Nella stanza, Edo aveva sbottonato la tunica di Silvana. I suoi seni, pieni e pesanti, cadevano liberi nelle sue mani. Si chinò e ne prese uno in bocca, succhiando il capezzolo con una lentezza struggente. Silvana gridò, le dita affondate nei suoi capelli scuri. Il mondo si era ridotto a quella bocca, a quelle mani, al profumo di lui che ora era su di lei.

“Voglio vederti,” disse Edo, alzandosi e portandola con sé, verso il grande tappeto davanti al camino. La depose come un’offerta. Le tolse i leggings e la biancheria nera con movimenti rituali. Lei era nuda, esposta alla luce danzante, bellissima e vulnerabile.

Edo si spogliò. Il suo corpo era una scultura di muscoli lunghi, l’addome scolpito, e tra le cosce il suo sesso, eretto e impressionante, era la manifestazione fisica di tutto il potere che in quel momento esercitava. Silvana lo guardò, sentendo una stretta di desiderio e di timore. Giovanni, dall’ombra, trattenne il respiro.

Edo non si gettò su di lei. Si inginocchiò. Separò le sue gambe con una reverenza da devoto e iniziò a baciare l’interno delle sue cosce, avvicinandosi lentamente, fatalmente, al centro del suo ardore. Quando la sua lingua finalmente la toccò, un fremito violento la scosse. Era un’esperienza nuova. La lingua di Edo era abile, instancabile, leggeva i suoi tremori e li amplificava. La portò all’orgasmo con una dedizione totale, mentre lei si torceva, afferrando i ciuffi del tappeto persiano, gridando un nome che non era quello di suo marito.

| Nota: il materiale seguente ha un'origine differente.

lemma polar_step_inequality:
  assumes "0 < \<theta>" and "\<theta> < 2 * pi / 5" and "r > 0" and "R > 0"
    and \<psi>: "\<bar>\<psi> - \<beta>\<bar> \<le> \<theta> / 2" and \<phi>: "\<bar>\<phi> - \<beta>\<bar> \<le> \<theta> / 4"
    and proj: "r * cos (\<psi> - \<beta>) \<le> R * cos (\<phi> - \<beta>)"
  shows "dist u (polar u r \<psi>) + stretch_factor \<theta> * dist (polar u r \<psi>) (polar u R \<phi>)
           \<le> stretch_factor \<theta> * dist u (polar u R \<phi>)"
proof -
  define v where "v = polar 0 r (\<psi> - \<beta>)"
  define w where "w = polar 0 R (\<phi> - \<beta>)"
  have small: "\<theta> / 2 < pi / 2" and small4: "\<theta> / 4 < pi / 2" using assms(1,2) pi_gt_zero by linarith+
  have "\<bar>\<psi> - \<beta>\<bar> < pi / 2" using \<psi> small by linarith
  then have "cos (\<psi> - \<beta>) > 0" unfolding abs_less_iff by (intro cos_gt_zero_pi) linarith+
  then have "0 < snd v" using \<open>r > 0\<close> by (simp add: v_def polar_def)
  moreover have "\<bar>fst v\<bar> * cos (\<theta> / 2) \<le> snd v * sin (\<theta> / 2)"
    using sin_cos_cone_bound[OF \<psi> small] \<open>r > 0\<close>
    by (simp add: v_def polar_def abs_mult mult.assoc mult_left_mono)
  moreover have "\<bar>fst w\<bar> * cos (\<theta> / 4) \<le> snd w * sin (\<theta> / 4)"
    using sin_cos_cone_bound[OF \<phi> small4] \<open>R > 0\<close>
    by (simp add: w_def polar_def abs_mult mult.assoc mult_left_mono)
  moreover have "snd v \<le> snd w" using proj by (simp add: v_def w_def polar_def)
  moreover have "cos (\<theta> / 2) > 0" "cos (\<theta> / 4) > 0" using assms(1) small by (auto intro!: cos_gt_zero_pi)
  ultimately have "norm v + stretch_factor \<theta> * dist v w \<le> stretch_factor \<theta> * norm w"
    using stretch_factor_equation[OF assms(1,2)] by (intro cone_step_inequality) auto
  moreover have "norm v = r" "norm w = R"
    using dist_polar_center[of 0] assms(3,4) by (simp_all add: v_def w_def flip: dist_0_norm)
  ultimately show ?thesis
    using dist_polar_center[of u] dist_polar_rotate[of u r \<psi> R \<phi> 0 \<beta>] assms(3,4)
    by (simp add: v_def w_def)
qed

(* For m >= 6 the cone angle is below 2 pi / 5, which keeps all half-angles acute. *)
lemma theta_bounds: "m \<ge> 6 \<Longrightarrow> 0 < theta m \<and> theta m < 2 * pi / 5"
  by (auto simp: theta_def field_simps)
lemma adjoint_shift_mem_cone_of:
  assumes fin: "finite G"
    and shift: "\<And>m. m \<in> dual_lattice (cone_of G) \<Longrightarrow> m + ipair m w *s e \<in> dual_lattice (cone_of G)"
    and v: "v \<in> cone_of G"
  shows "v + qpair (ratv e) v *s ratv w \<in> cone_of G"
  unfolding mem_cone_of_iff_dual_lattice[OF fin]
proof
  fix m assume m: "m \<in> dual_lattice (cone_of G)"
  have "qpair (ratv m) (v + qpair (ratv e) v *s ratv w) = qpair (ratv (m + ipair m w *s e)) v"
    by (simp add: ipair_qpair algebra_simps)
  also have "\<dots> \<ge> 0"
    using shift[OF m] v unfolding dual_lattice_def by blast
  finally show "qpair (ratv m) (v + qpair (ratv e) v *s ratv w) \<ge> 0" .
qed

lemma nonneg_if_smult_mem_strongly_convex:
  assumes sc: "strongly_convex (cone_of G)" and x: "x \<in> cone_of G" "x \<noteq> 0"
    and tx: "t *s x \<in> cone_of G"
  shows "t \<ge> 0"
proof (rule ccontr)
  assume "\<not> t \<ge> 0"
  then have "- x = (- 1 / t) *s (t *s x)" by (simp add: vector_sneg_minus1 vector_smult_assoc)
  then have "- x \<in> cone_of G" using cone_of_smult[OF tx] \<open>\<not> t \<ge> 0\<close> by simp
  then have "x \<in> cone_of G \<inter> uminus ` cone_of G" using x(1) by (auto intro: image_eqI[of _ _ "- x"])
  then show False using sc x(2) unfolding strongly_convex_def by blast
qed

text \<open>The face cut out by the functional \<open>u \<circ> \<pi>\<close>, with \<open>u\<close> strictly positive on \<open>\<sigma> - 0\<close> and
  \<open>\<pi> v = v + \<langle>e, v\<rangle> w\<close>, is the kernel of \<open>\<pi>\<close> in \<open>\<sigma>\<close>, i.e. the half-line through \<open>w\<close>.\<close>
lemma is_ray_if_shift_invariant:
  assumes fin: "finite G" and sc: "strongly_convex (cone_of G)"
    and e_w: "ipair e w = -1" and w: "ratv w \<in> cone_of G"
    and shift: "\<forall>v\<in>cone_of G. v + qpair (ratv e) v *s ratv w \<in> cone_of G"
  shows "is_ray (cone_of G) w"
proof -
  define \<pi> where "\<pi> v = v + qpair (ratv e) v *s ratv w" for v
  have e_w': "qpair (ratv e) (ratv w) = -1" using e_w ipair_qpair[of e w] by simp
  have \<pi>_mem: "\<forall>v\<in>cone_of G. \<pi> v \<in> cone_of G" using shift by (simp add: \<pi>_def)
  obtain u0 where u0: "\<forall>v\<in>cone_of G. qpair u0 v \<ge> 0 \<and> (v \<noteq> 0 \<longrightarrow> qpair u0 v > 0)"
    using gordan[OF fin sc] by blast
  define u where "u = u0 + qpair u0 (ratv w) *s ratv e"
  have u: "qpair u v = qpair u0 (\<pi> v)" for v
    unfolding u_def \<pi>_def by (simp add: algebra_simps)
  have "{v \<in> cone_of G. qpair u v = 0} = {t *s ratv w | t. t \<ge> 0}"
  proof (intro set_eqI iffI)
    fix v assume "v \<in> {v \<in> cone_of G. qpair u v = 0}"
    then have v: "v \<in> cone_of G" "\<pi> v = 0" using u u0 \<pi>_mem by fastforce+
    define t where "t = - qpair (ratv e) v"
    have v_t: "v = t *s ratv w"
      using v(2) unfolding \<pi>_def t_def by (simp add: vector_smult_lneg eq_neg_iff_add_eq_0)
    have "ratv w \<noteq> 0" using e_w' by auto
    then have "t \<ge> 0"
      using v(1) unfolding v_t by (rule nonneg_if_smult_mem_strongly_convex[OF sc w])
    then show "v \<in> {t *s ratv w | t. t \<ge> 0}" using v_t by blast
  next
    fix v assume "v \<in> {t *s ratv w | t. t \<ge> 0}"
    then obtain t where t: "v = t *s ratv w" "t \<ge> 0" by blast
    then have "\<pi> v = 0" unfolding \<pi>_def using e_w' by (simp add: vector_smult_lneg)
    then show "v \<in> {v \<in> cone_of G. qpair u v = 0}" using u t cone_of_smult[OF w] by simp
  qed
  moreover have "\<forall>v\<in>cone_of G. qpair u v \<ge> 0" unfolding u using u0 \<pi>_mem by blast
  ultimately show ?thesis unfolding is_ray_def using primitive_if_ipair_eq_neg1[OF e_w] by blast
qed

Mentre lei era ancora nel vortice delle contrazioni, Edo salì su di lei. La guardò negli occhi.

“Dimmelo,” ordinò, con dolcezza ferrata. “Dimmi chi ti sta per prendere.”

Lei, ubriaca di sensazioni, ansimò: “Tu, Edo. Solo tu.”

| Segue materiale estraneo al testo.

(* Let $d$ be a positive integer and let $A\in\mathbb{R}^{[2]\times[n]}$ be a matrix that does not have an elimination ordering. Then there exists $b\in\mathbb{R}^{[2]}$ such that the solution graph $G(R(A,b))$ is not connected.
   Context: Fix a positive integer $d$ and let $D=\{0,1,\dots,d\}$; $[n]=\{1,\dots,n\}$. For $A\in\mathbb{R}^{[m]\times[n]}$ and $b\in\mathbb{R}^{[m]}$, $R(A,b)=\{x\in D^{[n]} : Ax\ge b\}$. For $R\subseteq D^{[n]}$, the solution graph $G(R)$ is the undirected graph with vertex set $R$ in which $x,y$ are adjacent iff they differ in exactly one coordinate. A matrix $A=(a_{ij})$ with column index set $J$ can be eliminated at column $j\in J$ if (i) for every row $i$ with $a_{ij}>0$ we have $a_{ij'}=0$ for all $j'\in J\setminus\{j\}$, or (ii) for every row $i$ with $a_{ij}<0$ we have $a_{ij'}=0$ for all $j'\in J\setminus\{j\}$. For $J'\subseteq[n]$, $\mathrm{elm}(A,J')$ is the submatrix of $A$ obtained by deleting the columns indexed by $J'$. A sequence $(j_1,\dots,j_n)$ of the elements of $[n]$ is an elimination ordering (EO) of $A$ if for every $t\in[n]$ the matrix $\mathrm{elm}(A,\{j_1,\dots,j_{t-1}\})$ can be eliminated at column $j_t$. *)

theory Defs
  imports Complex_Main
begin

(* Matrices A in R^{[m] x [n]} are functions nat => nat => real, entry a_ij = A i j,
   rows indexed by {1..m}, columns by {1..n}; b :: nat => real with b_i = b i. *)

definition grid :: "nat \<Rightarrow> nat \<Rightarrow> (nat \<Rightarrow> nat) set" where
  "grid d n = {x. (\<forall>j\<in>{1..n}. x j \<le> d) \<and> (\<forall>j. j \<notin> {1..n} \<longrightarrow> x j = 0)}"

definition solset :: "nat \<Rightarrow> nat \<Rightarrow> nat \<Rightarrow> (nat \<Rightarrow> nat \<Rightarrow> real) \<Rightarrow> (nat \<Rightarrow> real) \<Rightarrow> (nat \<Rightarrow> nat) set" where
  "solset d m n A b = {x \<in> grid d n. \<forall>i\<in>{1..m}. (\<Sum>j=1..n. A i j * real (x j)) \<ge> b i}"

definition adj :: "nat \<Rightarrow> (nat \<Rightarrow> nat) \<Rightarrow> (nat \<Rightarrow> nat) \<Rightarrow> bool" where
  "adj n x y \<longleftrightarrow> card {j\<in>{1..n}. x j \<noteq> y j} = 1"

definition sol_graph_connected :: "nat \<Rightarrow> (nat \<Rightarrow> nat) set \<Rightarrow> bool" where
  "sol_graph_connected n R \<longleftrightarrow>
     (\<forall>x\<in>R. \<forall>y\<in>R. (\<lambda>u v. u \<in> R \<and> v \<in> R \<and> adj n u v)\<^sup>*\<^sup>* x y)"

definition can_elim :: "nat \<Rightarrow> (nat \<Rightarrow> nat \<Rightarrow> real) \<Rightarrow> nat set \<Rightarrow> nat \<Rightarrow> bool" where
  "can_elim m A J j \<longleftrightarrow> j \<in> J \<and>
     ((\<forall>i\<in>{1..m}. A i j > 0 \<longrightarrow> (\<forall>j'\<in>J - {j}. A i j' = 0)) \<or>
      (\<forall>i\<in>{1..m}. A i j < 0 \<longrightarrow> (\<forall>j'\<in>J - {j}. A i j' = 0)))"

text \<open>Elimination ordering (j_1,...,j_n) = js!0,...,js!(n-1): elm(A,{j_1..j_{t-1}}) has
  column set [n] minus those columns, and must be eliminable at j_t.\<close>
definition is_EO :: "nat \<Rightarrow> nat \<Rightarrow> (nat \<Rightarrow> nat \<Rightarrow> real) \<Rightarrow> nat list \<Rightarrow> bool" where
  "is_EO m n A js \<longleftrightarrow> distinct js \<and> set js = {1..n} \<and>
     (\<forall>t<n. can_elim m A ({1..n} - set (take t js)) (js ! t))"

definition has_EO :: "nat \<Rightarrow> nat \<Rightarrow> (nat \<Rightarrow> nat \<Rightarrow> real) \<Rightarrow> bool" where
  "has_EO m n A \<longleftrightarrow> (\<exists>js. is_EO m n A js)"

end

theory Submission
  imports Defs
begin

text \<open>A column whose entries share a sign can always be eliminated, so a two-row matrix without
  elimination ordering has two mixed columns, i.e.\ columns with entries of strictly opposite
  signs. Put every other column at the value maximising both rows. We then pick two feasible
  points \<open>x0\<close> and \<open>y\<close> that differ on the mixed columns and a right-hand side \<open>b\<close> just low
  enough that changing any single mixed coordinate of \<open>x0\<close> is infeasible. Since \<open>x0\<close>
  dominates every point agreeing with it on the mixed columns, no path in the solution graph
  starting at \<open>x0\<close> ever changes a mixed coordinate, so it cannot reach \<open>y\<close>.\<close>

definition row_val :: "nat \<Rightarrow> (nat \<Rightarrow> nat \<Rightarrow> real) \<Rightarrow> nat \<Rightarrow> (nat \<Rightarrow> nat) \<Rightarrow> real" where
  "row_val n A i x = (\<Sum>j=1..n. A i j * real (x j))"

lemma solset_iff:
  "x \<in> solset d m n A b \<longleftrightarrow> x \<in> grid d n \<and> (\<forall>i\<in>{1..m}. b i \<le> row_val n A i x)"
  by (simp add: solset_def row_val_def)

lemma solset_2_iff:
  assumes "{p, q} = {1, 2::nat}"
  shows "x \<in> solset d 2 n A b \<longleftrightarrow>
           x \<in> grid d n \<and> b p \<le> row_val n A p x \<and> b q \<le> row_val n A q x"
proof -
  have "{1..2::nat} = {1, 2}" by auto
  with assms have "{1..2::nat} = {p, q}" by simp
  then show ?thesis by (simp add: solset_iff)
qed

lemma row_val_upd:
  assumes "l \<in> {1..n}"
  shows "row_val n A i (x(l := t)) = row_val n A i x + A i l * (real t - real (x l))"
proof -
  have "row_val n A i (x(l := t)) - row_val n A i x =
          (\<Sum>j=1..n. if j = l then A i l * (real t - real (x l)) else 0)"
    unfolding row_val_def sum_subtractf[symmetric] by (rule sum.cong) (auto simp: right_diff_distrib)
  also have "\<dots> = A i l * (real t - real (x l))" using assms by simp
  finally show ?thesis by simp
qed

lemma grid_upd: "x \<in> grid d n \<Longrightarrow> l \<in> {1..n} \<Longrightarrow> t \<le> d \<Longrightarrow> x(l := t) \<in> grid d n"
  unfolding grid_def by auto

lemma adj_grid_imp_upd:
  assumes "u \<in> grid d n" "v \<in> grid d n" "adj n u v"
  obtains l t where "l \<in> {1..n}" "v = u(l := t)"
proof -
  obtain l where l: "{j\<in>{1..n}. u j \<noteq> v j} = {l}"
    using assms(3) unfolding adj_def by (rule card_1_singletonE)
  have "l \<in> {1..n}" using l by blast
  moreover have "v = u(l := v l)"
  proof
    fix j show "v j = (u(l := v l)) j"
      using l assms(1,2) by (cases "j \<in> {1..n}") (auto simp: grid_def)
  qed
  ultimately show ?thesis by (rule that)
qed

Fu l’ultimo sigillo. Lui entrò in lei con un unico, lungo, infinito movimento. Era una pienezza che la trapassava, che sembrava raggiungere posti mai toccati. Silvana gemette, un suono profondo, viscerale. Edo iniziò a muoversi con un ritmo potente e controllato, ogni spinta un’affermazione. Lei gli si avvolse attorno, le gambe strette alla sua schiena, le unghie che scavavano nella sua carne sudata.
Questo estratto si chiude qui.